◆ Exercise instructions ◆
Every line below should be given again without alteration.

◆ Source information ◆
(* Let $\mathcal X=[0,1]^t$ with $d(x,y)=\|x-y\|_\infty$, let $\mathcal C=[1/4,3/4]^t$, and let $0<\epsilon<1/64$. Suppose that for some integer $k\ge1$ there is a panel decision function $\widetilde q:\mathcal X^k\to\mathcal C$ such that for every facility location instance $\langle\mathcal X,\mathcal C,d,(x_1,\dots,x_n)\rangle$ (with $n\ge k$), $$\mathbb E_{S\sim\mathcal U_{k,n}}\big[\textsc{Social-Cost}(\widetilde q(S))\big]\le(1+\epsilon)\cdot\textsc{Social-Opt}.$$ Then $k\ge c\,t/\epsilon^2$ for an absolute constant $c>0$ (i.e., $k=\Omega((1/\epsilon)^2 t)$).
   Context: For agent locations $x_1,\dots,x_n\in\mathcal X$, $\textsc{Social-Cost}(q)=\frac1n\sum_{i=1}^n d(q,x_i)$ and $\textsc{Social-Opt}=\min_{q\in\mathcal C}\textsc{Social-Cost}(q)$. For a panel $S\subseteq[n]$ of size $k$, $\widetilde q(S)$ denotes $\widetilde q$ applied to the locations $(x_i)_{i\in S}$. $\mathcal U_{k,n}$ is the uniform distribution over size-$k$ subsets of $[n]$. *)

theory Defs
  imports "HOL-Probability.Probability"
begin

text \<open>Points of R^t are represented as functions nat => real that vanish at
coordinates >= t (t varies inside the statement).\<close>

definition cube :: "nat \<Rightarrow> real \<Rightarrow> real \<Rightarrow> (nat \<Rightarrow> real) set" where
  "cube t a b = {x. (\<forall>i<t. a \<le> x i \<and> x i \<le> b) \<and> (\<forall>i\<ge>t. x i = 0)}"

abbreviation X_space :: "nat \<Rightarrow> (nat \<Rightarrow> real) set" where
  "X_space t \<equiv> cube t 0 1"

◆ Solved exercise ◆
(* Let $\mathcal X=[0,1]^t$ with $d(x,y)=\|x-y\|_\infty$, let $\mathcal C=[1/4,3/4]^t$, and let $0<\epsilon<1/64$. Suppose that for some integer $k\ge1$ there is a panel decision function $\widetilde q:\mathcal X^k\to\mathcal C$ such that for every facility location instance $\langle\mathcal X,\mathcal C,d,(x_1,\dots,x_n)\rangle$ (with $n\ge k$), $$\mathbb E_{S\sim\mathcal U_{k,n}}\big[\textsc{Social-Cost}(\widetilde q(S))\big]\le(1+\epsilon)\cdot\textsc{Social-Opt}.$$ Then $k\ge c\,t/\epsilon^2$ for an absolute constant $c>0$ (i.e., $k=\Omega((1/\epsilon)^2 t)$).
   Context: For agent locations $x_1,\dots,x_n\in\mathcal X$, $\textsc{Social-Cost}(q)=\frac1n\sum_{i=1}^n d(q,x_i)$ and $\textsc{Social-Opt}=\min_{q\in\mathcal C}\textsc{Social-Cost}(q)$. For a panel $S\subseteq[n]$ of size $k$, $\widetilde q(S)$ denotes $\widetilde q$ applied to the locations $(x_i)_{i\in S}$. $\mathcal U_{k,n}$ is the uniform distribution over size-$k$ subsets of $[n]$. *)

theory Defs
  imports "HOL-Probability.Probability"
begin

text \<open>Points of R^t are represented as functions nat => real that vanish at
coordinates >= t (t varies inside the statement).\<close>

definition cube :: "nat \<Rightarrow> real \<Rightarrow> real \<Rightarrow> (nat \<Rightarrow> real) set" where
  "cube t a b = {x. (\<forall>i<t. a \<le> x i \<and> x i \<le> b) \<and> (\<forall>i\<ge>t. x i = 0)}"

abbreviation X_space :: "nat \<Rightarrow> (nat \<Rightarrow> real) set" where
  "X_space t \<equiv> cube t 0 1"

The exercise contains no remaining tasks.